Winter Wraiths

“So you know, the theatre is haunted,” the bar back said.

“Haunted?” repeated Harveen.

“Haunted,” he said, nodding.

She assumed he was joking. They threaded through labyrinthine kitchen corridors that somberly glowed with bone laminate and steel. He was short but promising, solidly built with guileless blue eyes and blond hair razed at the sides. Like most native Icelanders she had encountered, he spoke faultless English with a jangling glissando accent.

They ascended a narrow, darkened stairway. As she swayed on her heels, he righted her with a hand on her hip and a yawning, ennui-riddled chasm deep within her twitched in response, very slightly. Governed by impulse, she constantly sought new experiences, trips abroad and increasingly shameless conquests, like the bar back that evening. They exchanged smiles, and she permitted herself the barest soupçon of guilt for not missing Max.
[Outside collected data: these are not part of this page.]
lemma tight_int_steps_unique:
  fixes g h :: "int \<Rightarrow> int"
  assumes g: "\<And>a. lo \<le> a \<Longrightarrow> a < hi \<Longrightarrow> \<bar>g (a + 1) - g a\<bar> \<le> 1"
    and h: "\<And>a. lo \<le> a \<Longrightarrow> a < hi \<Longrightarrow> \<bar>h (a + 1) - h a\<bar> \<le> 1"
    and ends: "g lo = h lo" "g hi = h hi" and tight: "\<bar>g hi - g lo\<bar> = hi - lo"
    and a: "lo \<le> a" "a \<le> hi"
  shows "g a = h a"
proof -
  have "\<bar>g a - g lo\<bar> \<le> a - lo" "\<bar>g hi - g a\<bar> \<le> hi - a"
    using int_steps_lipschitz[of lo hi g] g a by auto
  moreover have "\<bar>h a - h lo\<bar> \<le> a - lo" "\<bar>h hi - h a\<bar> \<le> hi - a"
    using int_steps_lipschitz[of lo hi h] h a by auto
  ultimately show ?thesis using ends tight by linarith
qed

lemma continuous_coord_step:
  assumes "digitally_continuous X c2_adj f" "x \<in> X" "y \<in> X" "c2_adj x y"
    and "\<pi> = fst \<or> \<pi> = snd"
  shows "\<bar>\<pi> (f x) - \<pi> (f y)\<bar> \<le> 1"
  using assms unfolding digitally_continuous_def c2_adj_def by fastforce

lemma fixed_coord_on_tight_path:
  assumes cont: "digitally_continuous X c2_adj f"
    and path: "\<And>a. lo \<le> a \<Longrightarrow> a < hi \<Longrightarrow> c2_adj (P a) (P (a + 1))"
    and inX: "\<And>a. lo \<le> a \<Longrightarrow> a \<le> hi \<Longrightarrow> P a \<in> X"
    and fix_lo: "f (P lo) = P lo" and fix_hi: "f (P hi) = P hi"
    and \<pi>: "\<pi> = fst \<or> \<pi> = snd" and tight: "\<bar>\<pi> (P hi) - \<pi> (P lo)\<bar> = hi - lo"
    and a: "lo \<le> a" "a \<le> hi"
  shows "\<pi> (f (P a)) = \<pi> (P a)"
proof (rule tight_int_steps_unique[of lo hi "\<lambda>a. \<pi> (f (P a))" "\<lambda>a. \<pi> (P a)"])
  fix b assume b: "lo \<le> b" "b < hi"
  show "\<bar>\<pi> (f (P (b + 1))) - \<pi> (f (P b))\<bar> \<le> 1"
    using continuous_coord_step[OF cont inX[of b] inX[of "b + 1"] path[OF b] \<pi>] b
    by (simp add: abs_minus_commute)
  show "\<bar>\<pi> (P (b + 1)) - \<pi> (P b)\<bar> \<le> 1"
    using path[OF b] \<pi> by (auto simp: c2_adj_def abs_minus_commute)
qed (use fix_lo fix_hi tight a in simp_all)

lemma connected_c2_fst_interval:
  assumes "connected_in c2_adj T" "p \<in> T" "q \<in> T" "fst p \<le> a" "a \<le> fst q"
  shows "\<exists>z\<in>T. fst z = a"
proof -
  have "\<forall>a. fst p \<le> a \<and> a \<le> fst z \<longrightarrow> (\<exists>w\<in>T. fst w = a)"
    if "(adj_in c2_adj T)\<^sup>*\<^sup>* p z" for z
    using that
  proof (induction rule: rtranclp_induct)
    case base
    then show ?case using \<open>p \<in> T\<close> by force
  next
    case (step y z)
    show ?case
    proof (intro allI impI)
      fix a assume a: "fst p \<le> a \<and> a \<le> fst z"
      show "\<exists>w\<in>T. fst w = a"
      proof (cases "a \<le> fst y")
        case True
        then show ?thesis using step.IH a by blast
      next
        case False
        then have "a = fst z" using a step.hyps(2) by (auto simp: adj_in_def c2_adj_def)
        then show ?thesis using step.hyps(2) by (auto simp: adj_in_def)
      qed
    qed
  qed
  then show ?thesis using assms unfolding connected_in_def by blast
qed

lemma line_seg_finite: "line_seg k T \<Longrightarrow> finite T"
  unfolding line_seg_def by (metis card.infinite not_numeral_le_zero)

lemma line_seg_pair:
  assumes "c2_adj x q" "k x = k q"
  shows "line_seg k {x, q}"
proof -
  have "adj_in c2_adj {x, q} p p'" if "p \<in> {x, q}" "p' \<in> {x, q}" "p \<noteq> p'" for p p'
    using assms(1) that by (auto simp: adj_in_def c2_adj_def)
  then have "(adj_in c2_adj {x, q})\<^sup>*\<^sup>* p p'" if "p \<in> {x, q}" "p' \<in> {x, q}" for p p'
    using that by (metis r_into_rtranclp rtranclp.rtrancl_refl)
  moreover have "x \<noteq> q" using assms(1) by (simp add: c2_adj_def)
  ultimately show ?thesis using assms(2) unfolding line_seg_def connected_in_def by auto
qed

lemma max_seg_in_exists:
  assumes "finite C" "line_seg k T0" "T0 \<subseteq> C" "x \<in> T0"
  shows "\<exists>T. max_seg_in k C T \<and> x \<in> T"
proof -
  let ?S = "{T. line_seg k T \<and> T \<subseteq> C}"
  have fin: "finite ?S"
    using \<open>finite C\<close> by (simp add: finite_subset[of _ "Pow C"] subset_eq)
  have T0: "T0 \<in> ?S" using assms(2,3) by simp
  obtain T where T: "T \<in> ?S" "T0 \<subseteq> T" and max: "\<forall>T'\<in>?S. T \<subseteq> T' \<longrightarrow> T = T'"
    using finite_has_maximal2[OF fin T0] by blast
  have "max_seg_in k C T" using T max unfolding max_seg_in_def by auto
  with T \<open>x \<in> T0\<close> show ?thesis by blast
qed

lemma slanted_segment_fixed:
  assumes cont: "digitally_continuous X c2_adj f"
    and seg: "line_seg k T" and k: "k = key_d1 \<or> k = key_d2" and TX: "T \<subseteq> X"
    and fix_ends: "\<forall>b\<in>seg_endpoints T. f b = b" and x: "x \<in> T"
  shows "f x = x"
proof -
  obtain \<sigma> e :: int where \<sigma>: "\<sigma> = 1 \<or> \<sigma> = -1" and line: "\<forall>z\<in>T. snd z = \<sigma> * fst z + e"
  proof -
    have "\<forall>z\<in>T. k z = k x" using seg x unfolding line_seg_def by blast
    with k that[of 1 "- key_d1 x"] that[of "-1" "key_d2 x"] show thesis
      by (auto simp: key_d1_def key_d2_def algebra_simps)
  qed
  define P where "P a = (a, \<sigma> * a + e)" for a
  define lo where "lo = Min (fst ` T)"
  define hi where "hi = Max (fst ` T)"
  have fin: "finite T" using seg by (rule line_seg_finite)
  have on_line: "P (fst z) = z" if "z \<in> T" for z
    using line that by (simp add: P_def prod_eq_iff)
  obtain p q where p: "p \<in> T" "fst p = lo" and q: "q \<in> T" "fst q = hi"
  proof -
    have "lo \<in> fst ` T" "hi \<in> fst ` T"
      using fin x unfolding lo_def hi_def by (auto intro: Min_in Max_in)
    then show thesis using that by blast
  qed
  have inT: "P a \<in> T" if a: "lo \<le> a" "a \<le> hi" for a
  proof -
    obtain z where "z \<in> T" "fst z = a"
      using connected_c2_fst_interval[of T p q a] seg p q a unfolding line_seg_def by blast
    then show ?thesis using on_line by metis
  qed
  have x_range: "lo \<le> fst x" "fst x \<le> hi"
    using fin x unfolding lo_def hi_def by auto
  have "P lo \<in> seg_endpoints T" "P hi \<in> seg_endpoints T"
    using inT[of lo] inT[of hi] x_range
    unfolding seg_endpoints_def lo_def[symmetric] hi_def[symmetric] by (simp_all add: P_def)
  then have fix_lo: "f (P lo) = P lo" and fix_hi: "f (P hi) = P hi"
    using fix_ends by blast+
  have "\<pi> (f (P (fst x))) = \<pi> (P (fst x))" if \<pi>: "\<pi> = fst \<or> \<pi> = snd" for \<pi>
  proof (rule fixed_coord_on_tight_path[OF cont _ _ fix_lo fix_hi \<pi> _ x_range])
    show "c2_adj (P a) (P (a + 1))" for a
      using \<sigma> by (auto simp: P_def c2_adj_def algebra_simps)
    show "\<bar>\<pi> (P hi) - \<pi> (P lo)\<bar> = hi - lo"
      using \<pi> \<sigma> x_range by (elim disjE) (simp_all add: P_def algebra_simps)
  qed (use inT TX in auto)
  then show ?thesis using on_line[OF x] by (simp add: prod_eq_iff)
qed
It was the opening gala of a film festival in Reykjavík. For the past few weeks, following a two-month television gig in the Ukraine, she had worked as a script supervisor on an Icelandic film. After wrapping the shoot that evening, the cast and crew headed to the party at the National Theatre to celebrate. Harveen first stopped by her hostel to shower and change, painting her face with an exacting hand. Before leaving, she removed her platinum wedding band and locked it in her suitcase.

The lobby was deserted when she arrived at the theatre. Wisps of conversation and music unfurled from the basement. She hung her battered fur coat in a mirrored alcove and hurried downstairs.
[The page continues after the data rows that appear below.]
lemma rat_functional_coord_comb: "rat_functional (\<lambda>x. \<Sum>k<n. z k * coord x k)"
  by (simp add: rat_functional_def coord_add coord_of_rat_mult distrib_left sum.distrib
      sum_distrib_left mult.left_commute)

definition trace :: "complex \<Rightarrow> rat"
  where "trace x = (\<Sum>k<n. coord (x * b k) k)"

lemma rat_functional_trace: "rat_functional trace"
proof -
  have "trace (x + y) = trace x + trace y" if "x \<in> K" "y \<in> K" for x y
    unfolding trace_def sum.distrib[symmetric] using that
    by (intro sum.cong) (simp_all add: distrib_right coord_add field_mult basis_in_field)
  moreover have "trace (of_rat r * x) = r * trace x" if "x \<in> K" for r x
    unfolding trace_def sum_distrib_left using that
    by (intro sum.cong) (simp_all add: mult.assoc coord_of_rat_mult field_mult basis_in_field)
  ultimately show ?thesis unfolding rat_functional_def by blast
qed

lemma trace_one: "trace 1 = of_nat n"
  by (simp add: trace_def coord_basis)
The evening passed in a blur. New wave music, revelers in leather and dark wool cut on the bias. After a few hours she went to fetch her coat, but the lobby had been locked for the night. The bar back, with whom she had flirted, offered to retrieve it, cautioning that they’d take the long way through back areas.
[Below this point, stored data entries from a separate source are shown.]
lemma bool_hom_prime_filter:
  assumes "prime_filter M" and "z \<notin> M"
  shows "bool_hom (\<lambda>w. w \<in> M)"
proof -
  have M: "is_filter M" and prime: "\<And>x y. jn x y \<in> M \<Longrightarrow> x \<in> M \<or> y \<in> M"
    using assms(1) unfolding prime_filter_def by blast+
  note up = filter_upward_closed[OF M]
  have "df x y \<in> M \<longleftrightarrow> x \<in> M \<and> y \<notin> M" for x y
  proof
    assume d: "df x y \<in> M"
    have "y \<notin> M" using filter_meet_closed[OF M d] meet_diff assms(2) by metis
    then show "x \<in> M \<and> y \<notin> M" using up[OF d diff_leq] by blast
  next
    assume "x \<in> M \<and> y \<notin> M"
    moreover from this have "jn (df x y) y \<in> M" using up leq_join2 join_diff by metis
    ultimately show "df x y \<in> M" using prime by blast
  qed
  moreover have "jn x y \<in> M \<longleftrightarrow> x \<in> M \<or> y \<in> M" for x y
    using prime up leq_join1 leq_join2 by blast
  moreover have "mt x y \<in> M \<longleftrightarrow> x \<in> M \<and> y \<in> M" for x y
    using up leq_meet1 leq_meet2 filter_meet_closed[OF M] by blast
  ultimately show ?thesis
    unfolding bool_hom_def using assms(2) by blast
qed

lemma eq_iff_bool_homs_agree: "a = b \<longleftrightarrow> (\<forall>h. bool_hom h \<longrightarrow> h a = h b)"
proof
  show "\<forall>h. bool_hom h \<longrightarrow> h a = h b" if "a = b" using that by simp
next
  assume agree: "\<forall>h. bool_hom h \<longrightarrow> h a = h b"
  have "a \<preceq> b" if "\<forall>h. bool_hom h \<longrightarrow> h a = h b" for a b
  proof (rule ccontr)
    assume "\<not> a \<preceq> b"
    then obtain M where "prime_filter M" "a \<in> M" "b \<notin> M"
      using prime_filter_exists by blast
    moreover from this have "z \<notin> M"
      using zero_least filter_upward_closed unfolding prime_filter_def by blast
    ultimately show False using bool_hom_prime_filter that by blast
  qed
  then show "a = b" using agree leq_antisym by metis
qed

lemma bool_hom_eval_trm:
  "bool_hom h \<Longrightarrow> h (eval_trm jn mt df z xs t) = beval (\<lambda>i. h (xs ! i)) h t"
  by (induction t) (auto simp: bool_hom_def)

lemma eval_eq_iff_truth_tables:
  assumes "wf_trm C n t" and "wf_trm C n s"
  shows "eval_trm jn mt df z xs t = eval_trm jn mt df z xs s \<longleftrightarrow>
    (\<forall>h. bool_hom h \<longrightarrow> truth_table C n t ({i. i < n \<and> h (xs ! i)}, {c\<in>C. h c})
                       = truth_table C n s ({i. i < n \<and> h (xs ! i)}, {c\<in>C. h c}))"
  by (subst eq_iff_bool_homs_agree)
    (simp add: bool_hom_eval_trm beval_eq_truth_table[OF assms(1)] beval_eq_truth_table[OF assms(2)])

lemma finite_imp_equationally_noetherian:
  assumes "finite C"
  shows "equationally_noetherian jn mt df z C"
  unfolding equationally_noetherian_def
proof (intro allI impI)
  fix n and S :: "('a trm \<times> 'a trm) set"
  assume wf: "\<forall>(t, s)\<in>S. wf_trm C n t \<and> wf_trm C n s"
  define key where "key e = (truth_table C n (fst e), truth_table C n (snd e))" for e
  define sols where
    "sols e = {xs. eval_trm jn mt df z xs (fst e) = eval_trm jn mt df z xs (snd e)}" for e
  have "key ` S \<subseteq> range (truth_table C n) \<times> range (truth_table C n)"
    unfolding key_def by auto
  then have "finite (key ` S)"
    by (rule finite_subset) (simp add: finite_truth_tables[OF assms])
  moreover have "sols e = sols e'" if "e \<in> S" "e' \<in> S" "key e = key e'" for e e'
  proof -
    obtain t s t' s' where e: "e = (t, s)" "e' = (t', s')" by (cases e, cases e') auto
    then have "wf_trm C n t" "wf_trm C n s" "wf_trm C n t'" "wf_trm C n s'"
      using wf that(1,2) by auto
    moreover have "truth_table C n t = truth_table C n t'" "truth_table C n s = truth_table C n s'"
      using that(3) unfolding e key_def by auto
    ultimately show ?thesis
      unfolding e sols_def by (simp add: eval_eq_iff_truth_tables)
  qed
  ultimately obtain S0 where S0: "S0 \<subseteq> S" "finite S0" "(\<Inter>e\<in>S0. sols e) = (\<Inter>e\<in>S. sols e)"
    using finite_subsystem_by_key[of key S sols] by blast
  have "sol_set jn mt df z n S' = {xs. length xs = n} \<inter> (\<Inter>e\<in>S'. sols e)" for S'
    unfolding sol_set_as_Inter sols_def ..
  then have "sol_set jn mt df z n S0 = sol_set jn mt df z n S" using S0(3) by simp
  then show "\<exists>S0\<subseteq>S. finite S0 \<and> sol_set jn mt df z n S0 = sol_set jn mt df z n S"
    using S0(1,2) by blast
qed

subsection \<open>Equationally Noetherian implies finite\<close>

context
  fixes C :: "'a set"
  assumes sub: "ershov_subalgebra jn mt df z C"
begin

lemma subalgebra_closed:
  assumes "x \<in> C" "y \<in> C"
  shows "jn x y \<in> C" "mt x y \<in> C" "df x y \<in> C"
  using sub assms unfolding ershov_subalgebra_def by blast+

lemma finite_subset_has_upper_bound:
  "finite D \<Longrightarrow> D \<subseteq> C \<Longrightarrow> \<exists>u\<in>C. \<forall>c\<in>D. c \<preceq> u"
proof (induction D rule: finite_induct)
  case empty then show ?case using sub unfolding ershov_subalgebra_def by blast
next
  case (insert c D)
  then obtain u where "u \<in> C" "\<forall>d\<in>D. d \<preceq> u" by blast
  then show ?case
    using insert.prems subalgebra_closed leq_join1 leq_join2 leq_trans by (metis insert_iff subsetD)
qed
They climbed the stairway and reached the main level of the theatre. “You are Brazilian?” he asked. She shook her head. He led her through a door and flicked a switch. Milky brightness bled from above. “Boyfriend?”

She considered him. He really was too short. And she was bored with overseas romances. Her last, with a South African stuntwoman the previous week, had been decidedly lackluster.

“Married,” she admitted. “And Indian. My parents are moving from Punjab to live with my husband and me in California,” she added.

 “That’s nice, isn’t it?” he said, disappointment tinging his face.

“Not really,” she said. “But we won’t talk about that.”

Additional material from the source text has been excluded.